CAMP FOSTER, Okinawa — Robin Ferschke is looking forward to her grandson’s visit with excitement — and dread.

She’s eager to hug her slain Marine son’s boy for the first time in seven months when he arrives in Maryville, Tenn., on Friday with his Okinawan mother, Hotaru, for a weeklong visit.

But she dreads when Hotaru and 17-month old Mikey, named after his father who was killed in Iraq two years ago, must return to Okinawa.

Hotaru has been denied U.S. residency because her marriage to Marine Sgt. Michael Ferschke was not consummated after they married.
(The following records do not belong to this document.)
(* Every maximal chain set $E\subseteq M$ is closed, and hence compact.
   Context: Hybrid system setup: $G$ is a finite directed graph with vertex set $V=\{1,\dots,n\}$ (loops allowed); $\Omega$ is the set of sequences $(x_i)_{i\in\mathbb Z}\in V^{\mathbb Z}$ with an edge from $x_i$ to $x_{i+1}$ for all $i$. Fix $h>0$. $\bar\Delta$ is the set of functions $x:\mathbb R\to V$ constant on each $[kh,(k+1)h)$, $k\in\mathbb Z$, with $(x(kh))_k\in\Omega$; $\Delta=\{x(\cdot+t):x\in\bar\Delta, t\in\mathbb R\}$ with metric $d(x,y)=\sum_{i\in\mathbb Z}4^{-|i|}\frac1h\int_{ih}^{(i+1)h}\delta(x,y,t)\,dt$ ($\delta=1$ if $x(t)\ne y(t)$, else $0$), and $\psi_t(f)=f(\cdot+t)$. $M$ is a compact metric space (e.g. a compact subset of $\mathbb R^d$) and $\phi_1,\dots,\phi_n$ are continuous flows on $M$, $\phi_i$ associated with vertex $i$. For $x\in M$, $f\in\Delta$, $\varphi(\cdot,x,f):\mathbb R\to M$ is the continuous curve with $\varphi(0,x,f)=x$ such that whenever $f\equiv i$ on an interval $I$, $\varphi(t,x,f)=\phi_i(t-s,\varphi(s,x,f))$ for all $s,t$ in the closure of $I$. A set $E\subseteq M$ is a chain set if (i) for every $x\in E$ there is $f\in\Delta$ with $\varphi(t,x,f)\in E$ for all $t\in\mathbb R$, and (ii) for all $x,y\in E$ and all $\varepsilon,T>0$ there are $k\in\mathbb N$, $x_0,\dots,x_k\in M$, $f_0,\dots,f_{k-1}\in\Delta$ and $t_0,\dots,t_{k-1}\ge T$ with $x_0=x$, $x_k=y$ and $d(\varphi(t_j,x_j,f_j),x_{j+1})\le\varepsilon$ for $j=0,\dots,k-1$ (an $(\varepsilon,T)$-chain from $x$ to $y$). A maximal chain set is a chain set not properly contained in another chain set. *)

theory Defs
  imports "HOL-Analysis.Analysis"
begin

text \<open>Graph G on vertex set {1..n}: edge relation Gr (a set of pairs, loops allowed).
  barDelta: piecewise-constant functions with steps on [kh,(k+1)h) whose sample
  sequence (x(kh))_k is an infinite path of G.\<close>
definition barDelta :: "nat \<Rightarrow> (nat \<times> nat) set \<Rightarrow> real \<Rightarrow> (real \<Rightarrow> nat) set" where
  "barDelta n Gr h = {x. (\<forall>k::int. \<forall>t. real_of_int k * h \<le> t \<and> t < (real_of_int k + 1) * h
                              \<longrightarrow> x t = x (real_of_int k * h))
                       \<and> (\<forall>k::int. x (real_of_int k * h) \<in> {1..n}
                              \<and> (x (real_of_int k * h), x ((real_of_int k + 1) * h)) \<in> Gr)}"
lemma bags_width_less:
  assumes "Ys \<noteq> []" "\<forall>Y\<in>set Ys. \<exists>X\<in>set Xs. Y \<subset> X" "\<forall>X\<in>set Xs. finite X"
    and "Z \<in> set Xs" "2 \<le> card Z"
  shows "bags_width Ys < bags_width Xs"
proof -
  define M where "M = Max (card ` set Xs)"
  have le_M: "card X \<le> M" if "X \<in> set Xs" for X
    unfolding M_def using that by (intro Max_ge) simp_all
  have "2 \<le> M" using le_M[OF assms(4)] assms(5) by linarith
  moreover have "card Y < M" if Y: "Y \<in> set Ys" for Y
  proof -
    obtain X where "X \<in> set Xs" "Y \<subset> X" using bspec[OF assms(2) Y] by (elim bexE)
    then have "card Y < card X" using assms(3) psubset_card_mono by blast
    also have "card X \<le> M" using le_M \<open>X \<in> set Xs\<close> .
    finally show ?thesis .
  qed
  then have "Max (card ` set Ys) < M" using assms(1) by simp
  ultimately show ?thesis by (simp add: bags_width_def M_def)
qed

lemma order_comp_dir_path_decomp_narrower:
  fixes G H :: "'a digraph"
  assumes fin: "finite (verts G)" "finite (verts H)"
    and ne: "verts G \<noteq> {}" "verts H \<noteq> {}"
    and wf: "arcs G \<subseteq> verts G \<times> verts G" "arcs H \<subseteq> verts H \<times> verts H"
    and disj: "verts G \<inter> verts H = {}"
    and Xs: "is_path_decomp (un (order_comp G H)) Xs"
  shows "\<exists>Ys. is_dir_path_decomp (order_comp G H) Ys \<and> bags_width Ys < bags_width Xs"
proof -
  define A B where "A = verts G" and "B = verts H"
  obtain a b where ab: "a \<in> A" "b \<in> B" using ne by (auto simp: A_def B_def)
  have ok: "bags_ok (A \<union> B) Xs" using Xs by (simp add: is_path_decomp_def un_def A_def B_def)
  then have cons: "bags_consecutive Xs" by (simp add: bags_ok_iff)
  have share: "\<exists>X\<in>set Xs. u \<in> X \<and> v \<in> X" if "(u, v) \<in> arcs (order_comp G H)" for u v
    using path_decomp_un_arc[OF Xs that] .
  have joined: "\<exists>X\<in>set Xs. x \<in> X \<and> y \<in> X" if "x \<in> A" "y \<in> B" for x y
    using share[of x y] that by (simp add: A_def B_def)
  have meets_b: "\<forall>x\<in>A. \<exists>X\<in>set Xs. x \<in> X \<and> b \<in> X" using joined ab(2) by blast
  have meets_a: "\<forall>y\<in>B. \<exists>X\<in>set Xs. y \<in> X \<and> a \<in> X" using joined ab(1) by blast
  define L1 L2 where "L1 = restrict_bags A B Xs" and "L2 = restrict_bags B A Xs"
  have U1: "\<Union>(set L1) = A" unfolding L1_def using ab(2) meets_b by (rule Union_restrict_bags)
  have U2: "\<Union>(set L2) = B" unfolding L2_def using ab(1) meets_a by (rule Union_restrict_bags)
  have common1: "\<exists>Y\<in>set L1. u \<in> Y \<and> v \<in> Y" if uv: "(u, v) \<in> arcs G" for u v
  proof -
    have "u \<in> A" "v \<in> A" using uv wf(1) by (auto simp: A_def)
    moreover have "\<exists>X\<in>set Xs. u \<in> X \<and> v \<in> X" using share uv by simp
    ultimately show ?thesis
      unfolding L1_def by (rule restrict_bags_common_bag[OF ab(2) meets_b cons])
  qed
  have common2: "\<exists>Y\<in>set L2. u \<in> Y \<and> v \<in> Y" if uv: "(u, v) \<in> arcs H" for u v
  proof -
    have "u \<in> B" "v \<in> B" using uv wf(2) by (auto simp: B_def)
    moreover have "\<exists>X\<in>set Xs. u \<in> X \<and> v \<in> X" using share uv by simp
    ultimately show ?thesis
      unfolding L2_def by (rule restrict_bags_common_bag[OF ab(1) meets_a cons])
  qed
  have "bags_ok (A \<union> B) (L1 @ L2)"
    unfolding bags_ok_iff
  proof (intro conjI)
    show "L1 @ L2 \<noteq> []" using U1 ab(1) by auto
    show "\<Union>(set (L1 @ L2)) = A \<union> B" using U1 U2 by simp
    then show "\<forall>X\<in>set (L1 @ L2). X \<subseteq> A \<union> B" by blast
    show "bags_consecutive (L1 @ L2)"
      using cons U1 U2 disj unfolding L1_def L2_def A_def B_def
      by (intro bags_consecutive_append bags_consecutive_restrict_bags) simp_all
  qed
  moreover have "occurs_before (L1 @ L2) u v" if uv: "(u, v) \<in> arcs (order_comp G H)" for u v
  proof -
    consider "(u, v) \<in> arcs G" | "(u, v) \<in> arcs H" | "u \<in> A" "v \<in> B"
      using uv by (auto simp: A_def B_def)
    then show ?thesis
    proof cases
      case 1
      then obtain Y where "Y \<in> set L1" "u \<in> Y" "v \<in> Y" using common1 by blast
      then show ?thesis by (intro occurs_before_same_bag[of Y]) auto
    next
      case 2
      then obtain Y where "Y \<in> set L2" "u \<in> Y" "v \<in> Y" using common2 by blast
      then show ?thesis by (intro occurs_before_same_bag[of Y]) auto
    next
      case 3
      then show ?thesis using U1 U2 by (simp add: occurs_before_append)
    qed
  qed
  ultimately have dir: "is_dir_path_decomp (order_comp G H) (L1 @ L2)"
    unfolding is_dir_path_decomp_iff by (auto simp: A_def B_def)
  obtain Z where Z: "Z \<in> set Xs" "a \<in> Z" "b \<in> Z" using joined ab by blast
  have "bags_width (L1 @ L2) < bags_width Xs"
  proof (rule bags_width_less[where Z = Z])
    show "L1 @ L2 \<noteq> []" using U1 ab(1) by auto
    have "A \<inter> B = {}" "B \<inter> A = {}" using disj by (auto simp: A_def B_def)
    then show "\<forall>Y\<in>set (L1 @ L2). \<exists>X\<in>set Xs. Y \<subset> X"
      unfolding L1_def L2_def set_append ball_Un by (intro conjI restrict_bags_psubset)
    show finite_bags: "\<forall>X\<in>set Xs. finite X"
      using ok fin unfolding bags_ok_iff A_def B_def by (meson finite_Un finite_subset)
    show "Z \<in> set Xs" by fact
    have "a \<noteq> b" using ab disj by (auto simp: A_def B_def)
    then have "card {a, b} \<le> card Z" using Z finite_bags by (intro card_mono) auto
    with \<open>a \<noteq> b\<close> show "2 \<le> card Z" by simp
  qed
  with dir show ?thesis by blast
qed

lemma is_path_decomp_un_single:
  "arcs G \<subseteq> verts G \<times> verts G \<Longrightarrow> is_path_decomp (un G) [verts G]"
  by (auto simp: is_path_decomp_def bags_ok_def un_def)

lemma pw_attained:
  assumes "is_path_decomp G Xs"
  obtains Ys where "is_path_decomp G Ys" "bags_width Ys = pw G"
  using LeastI_ex[of "\<lambda>w. \<exists>Xs. is_path_decomp G Xs \<and> bags_width Xs = w"] assms
  unfolding pw_def by blast

lemma dpw_le: "is_dir_path_decomp G Xs \<Longrightarrow> dpw G \<le> bags_width Xs"
  unfolding dpw_def by (rule Least_le) blast

lemma dpw_order_comp_less_pw_un:
  fixes G H :: "'a digraph"
  assumes "finite (verts G)" "finite (verts H)" "verts G \<noteq> {}" "verts H \<noteq> {}"
    and wf: "arcs G \<subseteq> verts G \<times> verts G" "arcs H \<subseteq> verts H \<times> verts H"
    and "verts G \<inter> verts H = {}"
  shows "dpw (order_comp G H) < pw (un (order_comp G H))"
proof -
  have "arcs (order_comp G H) \<subseteq> verts (order_comp G H) \<times> verts (order_comp G H)"
    using wf by auto
  then obtain Xs where Xs: "is_path_decomp (un (order_comp G H)) Xs"
    "bags_width Xs = pw (un (order_comp G H))"
    using pw_attained is_path_decomp_un_single by metis
  obtain Ys where "is_dir_path_decomp (order_comp G H) Ys" "bags_width Ys < bags_width Xs"
    using order_comp_dir_path_decomp_narrower[OF assms Xs(1)] by blast
  then show ?thesis using dpw_le Xs(2) by fastforce
qed

theorem lemma3p9:
  fixes G H :: "'a digraph"
  assumes "dcograph G" and "dcograph H" and "verts G \<inter> verts H = {}"
  shows "pw (un (order_comp G H)) > dpw (order_comp G H)"
  by (rule dpw_order_comp_less_pw_un)
     (simp_all add: assms dcograph_finite dcograph_nonempty dcograph_arcs_subset)

end
lemma transpose_blockA_mult_vCons:
  assumes x: "x \<in> carrier_vec k" and y: "y \<in> carrier_vec k" and R: "R \<in> carrier_mat k k"
    and t: "t \<in> carrier_vec k"
  shows "transpose_mat (blockA (Suc (Suc k)) a12 a21 x y R) *\<^sub>v vCons a (vCons b t)
    = vCons (a21 * b + x \<bullet> t) (vCons (a12 * a) (b \<cdot>\<^sub>v y + transpose_mat R *\<^sub>v t))"
proof (rule eq_vecI)
  have x_vec: "vec k (($) x) = x"
    using x by auto
  have zero: "vec k (\<lambda>_. 0) \<bullet> t = 0"
    using t by (simp add: scalar_prod_def)
  fix i
  assume "i < dim_vec (vCons (a21 * b + x \<bullet> t) (vCons (a12 * a) (b \<cdot>\<^sub>v y + transpose_mat R *\<^sub>v t)))"
  then consider "i = 0" | "i = 1" | j where "i = Suc (Suc j)" "j < k"
    using y R by (cases i; cases "i - 1") auto
  then show "(transpose_mat (blockA (Suc (Suc k)) a12 a21 x y R) *\<^sub>v vCons a (vCons b t)) $ i
    = vCons (a21 * b + x \<bullet> t) (vCons (a12 * a) (b \<cdot>\<^sub>v y + transpose_mat R *\<^sub>v t)) $ i"
    by cases (use y R t in \<open>auto simp: blockA_def transpose_mat_mat mat_mult_vec_vCons vec_Suc o_def x_vec zero col_def\<close>)
qed (use R in \<open>simp add: blockA_def\<close>)

lemma blockB_mult_vCons:
  assumes x: "x \<in> carrier_vec k" and y: "y \<in> carrier_vec k" and R: "R \<in> carrier_mat k k"
    and t: "t \<in> carrier_vec k"
  shows "blockB (Suc (Suc k)) lam a12 a21 x y R *\<^sub>v vCons a t
    = vCons ((lam + a21 - lam\<^sup>2 / a12) * a + y \<bullet> t) (a \<cdot>\<^sub>v x + R *\<^sub>v t)"
proof (rule eq_vecI)
  have y_vec: "vec k (($) y) = y"
    using y by auto
  fix i
  assume "i < dim_vec (vCons ((lam + a21 - lam\<^sup>2 / a12) * a + y \<bullet> t) (a \<cdot>\<^sub>v x + R *\<^sub>v t))"
  then show "(blockB (Suc (Suc k)) lam a12 a21 x y R *\<^sub>v vCons a t) $ i
    = vCons ((lam + a21 - lam\<^sup>2 / a12) * a + y \<bullet> t) (a \<cdot>\<^sub>v x + R *\<^sub>v t) $ i"
    using x R t by (cases i) (auto simp: blockB_def mat_mult_vec_vCons y_vec row_def)
qed (use R in \<open>simp add: blockB_def\<close>)

lemma transpose_blockB:
  assumes "R \<in> carrier_mat (n - 2) (n - 2)"
  shows "transpose_mat (blockB n lam a12 a21 x y R) = blockB n lam a12 a21 y x (transpose_mat R)"
  using assms by (intro eq_matI) (auto simp: blockB_def)

lemma blockB_eigenvector_of_blockA:
  assumes a12: "a12 \<noteq> 0" and dims: "x \<in> carrier_vec k" "y \<in> carrier_vec k" "R \<in> carrier_mat k k"
    and t: "t \<in> carrier_vec k"
    and eigen: "blockA (Suc (Suc k)) a12 a21 x y R *\<^sub>v vCons a (vCons b t) = lam \<cdot>\<^sub>v vCons a (vCons b t)"
  shows "blockB (Suc (Suc k)) lam a12 a21 x y R *\<^sub>v vCons a t = lam \<cdot>\<^sub>v vCons a t"
proof -
  from eigen have "a12 * b = lam * a" and "a21 * a + y \<bullet> t = lam * b"
    and "a \<cdot>\<^sub>v x + R *\<^sub>v t = lam \<cdot>\<^sub>v t"
    using dims t by (simp_all add: blockA_mult_vCons)
  moreover from this(1) have "b = lam * a / a12"
    using a12 by (simp add: field_simps)
  ultimately show ?thesis
    using dims t a12 by (simp add: blockB_mult_vCons field_simps power2_eq_square)
qed

lemma blockA_eigenvector_of_blockB:
  assumes a12: "a12 \<noteq> 0" and dims: "x \<in> carrier_vec k" "y \<in> carrier_vec k" "R \<in> carrier_mat k k"
    and t: "t \<in> carrier_vec k"
    and eigen: "blockB (Suc (Suc k)) lam a12 a21 x y R *\<^sub>v vCons a t = lam \<cdot>\<^sub>v vCons a t"
  shows "blockA (Suc (Suc k)) a12 a21 x y R *\<^sub>v vCons a (vCons (lam * a / a12) t)
    = lam \<cdot>\<^sub>v vCons a (vCons (lam * a / a12) t)"
proof -
  from eigen have "(lam + a21 - lam\<^sup>2 / a12) * a + y \<bullet> t = lam * a"
    and "a \<cdot>\<^sub>v x + R *\<^sub>v t = lam \<cdot>\<^sub>v t"
    using dims t by (simp_all add: blockB_mult_vCons)
  then show ?thesis
    using dims t a12 by (simp add: blockA_mult_vCons field_simps power2_eq_square)
qed

text \<open>Swapping the first two coordinates turns \<open>A\<^sup>T\<close> into the matrix of the same shape built
  from \<open>y\<close>, \<open>x\<close> and \<open>R\<^sup>T\<close>, whose companion \<open>B\<close> is \<open>B\<^sup>T\<close>.\<close>
lemma transpose_blockB_eigenvector_of_blockA:
  assumes a12: "a12 \<noteq> 0" and dims: "x \<in> carrier_vec k" "y \<in> carrier_vec k" "R \<in> carrier_mat k k"
    and s: "s \<in> carrier_vec k"
    and eigen: "transpose_mat (blockA (Suc (Suc k)) a12 a21 x y R) *\<^sub>v vCons a (vCons b s)
      = lam \<cdot>\<^sub>v vCons a (vCons b s)"
  shows "transpose_mat (blockB (Suc (Suc k)) lam a12 a21 x y R) *\<^sub>v vCons b s = lam \<cdot>\<^sub>v vCons b s"
proof -
  have R: "transpose_mat R \<in> carrier_mat k k"
    using dims(3) by simp
  have "blockA (Suc (Suc k)) a12 a21 y x (transpose_mat R) *\<^sub>v vCons b (vCons a s)
      = lam \<cdot>\<^sub>v vCons b (vCons a s)"
    using eigen dims s R by (auto simp: transpose_blockA_mult_vCons blockA_mult_vCons)
  then show ?thesis
    using blockB_eigenvector_of_blockA[OF a12 dims(2,1) R s] transpose_blockB[of R "Suc (Suc k)"] dims(3)
    by simp
qed

lemma scalar_prod_pos:
  fixes v w :: "'a :: linordered_semidom vec"
  assumes "v \<in> carrier_vec n" "w \<in> carrier_vec n" "0 < n"
    and "\<And>i. i < n \<Longrightarrow> 0 < v $ i" "\<And>i. i < n \<Longrightarrow> 0 < w $ i"
  shows "0 < v \<bullet> w"
  using assms unfolding scalar_prod_def by (intro sum_pos) auto

lemma blockB_order_char_poly_eq_1:
  assumes a12: "a12 \<noteq> 0" and dims: "x \<in> carrier_vec k" "y \<in> carrier_vec k" "R \<in> carrier_mat k k"
    and t: "t \<in> carrier_vec k" and s: "s \<in> carrier_vec k"
    and simple: "order lam (char_poly (blockA (Suc (Suc k)) a12 a21 x y R)) = 1"
    and u0: "u0 \<noteq> 0"
    and Au: "blockA (Suc (Suc k)) a12 a21 x y R *\<^sub>v vCons u0 (vCons u1 t)
      = lam \<cdot>\<^sub>v vCons u0 (vCons u1 t)"
    and Bz: "transpose_mat (blockB (Suc (Suc k)) lam a12 a21 x y R) *\<^sub>v vCons z0 s = lam \<cdot>\<^sub>v vCons z0 s"
    and zw: "vCons z0 s \<bullet> vCons u0 t \<noteq> 0"
  shows "order lam (char_poly (blockB (Suc (Suc k)) lam a12 a21 x y R)) = 1"
proof (rule order_char_poly_eq_1I[OF _ _ _ _ _ Bz zw])
  show "blockB (Suc (Suc k)) lam a12 a21 x y R \<in> carrier_mat (Suc k) (Suc k)"
    by (simp add: blockB_def)
  show "blockB (Suc (Suc k)) lam a12 a21 x y R *\<^sub>v vCons u0 t = lam \<cdot>\<^sub>v vCons u0 t"
    by (rule blockB_eigenvector_of_blockA[OF a12 dims t Au])
next
  fix q
  assume q: "q \<in> carrier_vec (Suc k)"
    and Bq: "blockB (Suc (Suc k)) lam a12 a21 x y R *\<^sub>v q = lam \<cdot>\<^sub>v q"
  have A: "blockA (Suc (Suc k)) a12 a21 x y R \<in> carrier_mat (Suc (Suc k)) (Suc (Suc k))"
    by (simp add: blockA_def)
  define r where "r = vec k (\<lambda>i. q $ Suc i)"
  have r: "r \<in> carrier_vec k" and q_eq: "q = vCons (q $ 0) r"
    using vCons_head_tail[OF q] by (auto simp: r_def)
  have "blockB (Suc (Suc k)) lam a12 a21 x y R *\<^sub>v vCons (q $ 0) r = lam \<cdot>\<^sub>v vCons (q $ 0) r"
    using Bq unfolding q_eq[symmetric] .
  then have "blockA (Suc (Suc k)) a12 a21 x y R *\<^sub>v vCons (q $ 0) (vCons (lam * q $ 0 / a12) r)
    = lam \<cdot>\<^sub>v vCons (q $ 0) (vCons (lam * q $ 0 / a12) r)"
    by (rule blockA_eigenvector_of_blockB[OF a12 dims r])
  then have "\<exists>c. vCons (q $ 0) (vCons (lam * q $ 0 / a12) r) = c \<cdot>\<^sub>v vCons u0 (vCons u1 t)"
    by (intro eigenvector_in_span_if_order_1[OF A _ _ Au simple]) (use u0 r t in simp_all)
  then obtain c where "vCons (q $ 0) (vCons (lam * q $ 0 / a12) r) = c \<cdot>\<^sub>v vCons u0 (vCons u1 t)" ..
  then have "vCons (q $ 0) r = c \<cdot>\<^sub>v vCons u0 t"
    by simp
  then show "\<exists>c. q = c \<cdot>\<^sub>v vCons u0 t"
    by (subst q_eq) blast
qed (use u0 t s in auto)

theorem lemma3p13:
  fixes n :: nat and a12 a21 lam :: real and x y u v :: "real vec" and R :: "real mat"
  assumes "n \<ge> 2"
    and "a12 \<noteq> 0"
    and "dim_vec x = n - 2" and "dim_vec y = n - 2"
    and "R \<in> carrier_mat (n - 2) (n - 2)"
    and "simple_eigenvalue (blockA n a12 a21 x y R) lam"
    and "dim_vec u = n" and "\<forall>i<n. u $ i > 0"
    and "dim_vec v = n" and "\<forall>i<n. v $ i > 0"
    and "blockA n a12 a21 x y R *\<^sub>v u = lam \<cdot>\<^sub>v u"
    and "transpose_mat (blockA n a12 a21 x y R) *\<^sub>v v = lam \<cdot>\<^sub>v v"
  shows "simple_eigenvalue (blockB n lam a12 a21 x y R) lam
    \<and> blockB n lam a12 a21 x y R *\<^sub>v vec (n - 1) (\<lambda>i. if i = 0 then u $ 0 else u $ (i + 1))
        = lam \<cdot>\<^sub>v vec (n - 1) (\<lambda>i. if i = 0 then u $ 0 else u $ (i + 1))
    \<and> transpose_mat (blockB n lam a12 a21 x y R) *\<^sub>v vec (n - 1) (\<lambda>i. if i = 0 then v $ 1 else v $ (i + 1))
        = lam \<cdot>\<^sub>v vec (n - 1) (\<lambda>i. if i = 0 then v $ 1 else v $ (i + 1))"
proof -
  obtain k where n: "n = Suc (Suc k)"
    using assms(1) by (metis add_2_eq_Suc le_Suc_ex)
  define t where "t = vec k (\<lambda>i. u $ Suc (Suc i))"
  define s where "s = vec k (\<lambda>i. v $ Suc (Suc i))"
  have dims: "x \<in> carrier_vec k" "y \<in> carrier_vec k" "R \<in> carrier_mat k k"
    "t \<in> carrier_vec k" "s \<in> carrier_vec k"
    using assms(3-5) unfolding n t_def s_def by (auto intro: carrier_vecI)
  have u: "u = vCons (u $ 0) (vCons (u $ 1) t)" and v: "v = vCons (v $ 0) (vCons (v $ 1) s)"
    using vCons_head_tail[of u "Suc k"] vCons_head_tail[of v "Suc k"] assms(7,9)
    unfolding n t_def s_def by (auto intro: carrier_vecI simp: vec_Suc o_def)
  have w: "vec (n - 1) (\<lambda>i. if i = 0 then u $ 0 else u $ (i + 1)) = vCons (u $ 0) t"
    and z: "vec (n - 1) (\<lambda>i. if i = 0 then v $ 1 else v $ (i + 1)) = vCons (v $ 1) s"
    unfolding n t_def s_def by (auto intro!: eq_vecI simp: vec_index_vCons)
  have Au: "blockA (Suc (Suc k)) a12 a21 x y R *\<^sub>v vCons (u $ 0) (vCons (u $ 1) t)
      = lam \<cdot>\<^sub>v vCons (u $ 0) (vCons (u $ 1) t)"
    using assms(11) unfolding n u[symmetric] .
  have "transpose_mat (blockA (Suc (Suc k)) a12 a21 x y R) *\<^sub>v vCons (v $ 0) (vCons (v $ 1) s)
      = lam \<cdot>\<^sub>v vCons (v $ 0) (vCons (v $ 1) s)"
    using assms(12) unfolding n v[symmetric] .
  then have Bz: "transpose_mat (blockB (Suc (Suc k)) lam a12 a21 x y R) *\<^sub>v vCons (v $ 1) s
      = lam \<cdot>\<^sub>v vCons (v $ 1) s"
    by (rule transpose_blockB_eigenvector_of_blockA[OF assms(2) dims(1-3,5)])
  have "0 < vCons (v $ 1) s \<bullet> vCons (u $ 0) t"
    unfolding w[symmetric] z[symmetric] using assms(8,10) n
    by (intro scalar_prod_pos[of _ "n - 1"]) auto
  then have "order lam (char_poly (blockB (Suc (Suc k)) lam a12 a21 x y R)) = 1"
    using blockB_order_char_poly_eq_1[OF assms(2) dims _ _ Au Bz] assms(6) assms(8)[rule_format, of 0]
    unfolding simple_eigenvalue_def n by simp
  then show ?thesis
    using blockB_eigenvector_of_blockA[OF assms(2) dims(1-4) Au] Bz
    unfolding simple_eigenvalue_def w z unfolding n by simp
qed
(* In the setting of the context, fix $U\in\mathrm{Bis}(G)$, let $\Phi_U=\Phi|_{U\cap G_F}\colon U\cap G_F\to\Phi(U\cap G_F)$ (a homeomorphism), and define $\varphi_{\Phi,c,U}\colon C_0(U\cap G_F)\to C_0(\Phi(U\cap G_F))$ by $\varphi_{\Phi,c,U}(f)(\delta)=c(\Phi_U^{-1}(\delta))f(\Phi_U^{-1}(\delta))$. Then $\varphi_{\Phi,c,U}$ is a linear isometric isomorphism, and $\varphi|_{C_0(U)}=\varphi_{\Phi,c,U}\circ q_U$, where $q_U\colon C_0(U)\to C_0(U\cap G_F)$ is the restriction map. In particular the isometry $\widetilde{\varphi_U}\colon C_0(U\cap G_F)\to\varphi(C_0(U))$ with $\varphi|_{C_0(U)}=\widetilde{\varphi_U}\circ q_U$ equals $\varphi_{\Phi,c,U}$.
   Context: $G$ is an étale groupoid, $H$ an effective étale groupoid (locally compact Hausdorff, $d$ a local homeomorphism; effective = interior of isotropy equals unit space), $\varphi\colon C^*_r(G)\to C^*_r(H)$ a *-homomorphism of reduced groupoid C*-algebras with $\varphi(C_0(G^{(0)}))\subset C_0(H^{(0)})$ an ideal of $C_0(H^{(0)})$; elements of $C^*_r$ are regarded as functions on the groupoid. $\mathrm{Bis}(G)$ is the set of open bisections, $C_0(U)$ the closure of $C_c(U)$ in $C^*_r(G)$. $F\subset G^{(0)}$ is the closed invariant set with $\ker\varphi\cap C_0(G^{(0)})=C_0(G^{(0)}\setminus F)$, $G_F=d^{-1}(F)$. $\psi\colon\mathrm{Bis}(G)\to\mathrm{Bis}(H)$ is the semigroup homomorphism with $\varphi(C_0(U))=C_0(\psi(U))$; $\sigma\colon F\to H^{(0)}$ is the homeomorphism onto the open $V$ with $\varphi(C_0(G^{(0)}))=C_0(V)$ satisfying $\varphi(f)(\sigma(x))=f(x)$; $\Phi\colon G_F\to H$ sends $\alpha\in U\cap G_F$ to the unique $\delta\in\psi(U)$ with $d(\delta)=\sigma(d(\alpha))$, and restricts to a homeomorphism $U\cap G_F\to\psi(U)$; $c\colon G_F\to\mathbb{T}$ is the continuous cocycle $c(\alpha)=\varphi(n)(\Phi(\alpha))/n(\alpha)$ for any $n\in C_0(U)$, $U\in\mathrm{Bis}(G)$ with $\alpha\in U$, $n(\alpha)\ne0$. *)

theory Defs
  imports "HOL-Analysis.Analysis"
begin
They wed over the telephone in July 2008, just a month before he was killed while conducting door-to-door searches in a town north of Baghdad.

Mikey, who is a U.S. citizen by birth, was born five months later.

“I’m afraid we might never be able to go ahead with our plans to have them move here and raise Mikey where his father grew up,” Robin Ferschke said. “The bills introduced in Congress have stalled and there’s not much hope the law will be changed soon.”

Current law is designed to guard against weddings of convenience used to obtain U.S. residency for foreigners bypassing strict immigration rules. Proxy marriages are not valid unless they are consummated after the vows have been exchanged.

Michael Ferschke, then 22, a radio operator with the 3rd Reconnaissance Battalion, 3rd Marine Division, met Hotaru, 24, on Camp Schwab in March 2007. When Hotaru discovered she was pregnant in May 2008, just a month after Michael deployed to Iraq, they decided to marry over the phone.

Hotaru flew back to Maryville for her husband’s funeral and was so touched by the outpouring of love from her new in-laws that she decided to raise their son there.

She was able to stay with the Ferschkes for almost a year after Mikey was born, but was forced to return to Okinawa when her visa ran out.

There are bills in the House and Senate to make an exception in Hotaru’s case. But such “private bills” are frowned upon, said Patrick Newton, spokesman for U.S. Rep. John Duncan Jr., R-Tenn., who represents the Ferschke’s district.

“The Senate’s had a five-year hold on all such bills,” Newton said of the bill filed in that chamber by Sen. Jim Webb, D-Va., a former Marine and Secretary of the Navy.“And until the Senate acts, we can’t,” he said. “So, we’re exploring other avenues. Everything’s on the table. We’re working this on several fronts.”

He said he is in discussions with Webb’s office to perhaps change the immigration law or attach the measure to a Department of Defense Authorization bill.

“We’re not giving up on this,” Newton said.

He could not, however, estimate how long the battle to get Hotaru residency may take.Robin Ferschke said she’s not raising her hopes.

“There’s no guarantee any of this will work,” she said. “The upshot is I have to be satisfied with seeing my little munchkin on Skype and it kills me because he’s so young and doesn’t quite grasp I’m just on his TV.”

Robin Ferschke said her heart is already breaking at the thought of them leaving.

“This is all that I have left of my son,” she said.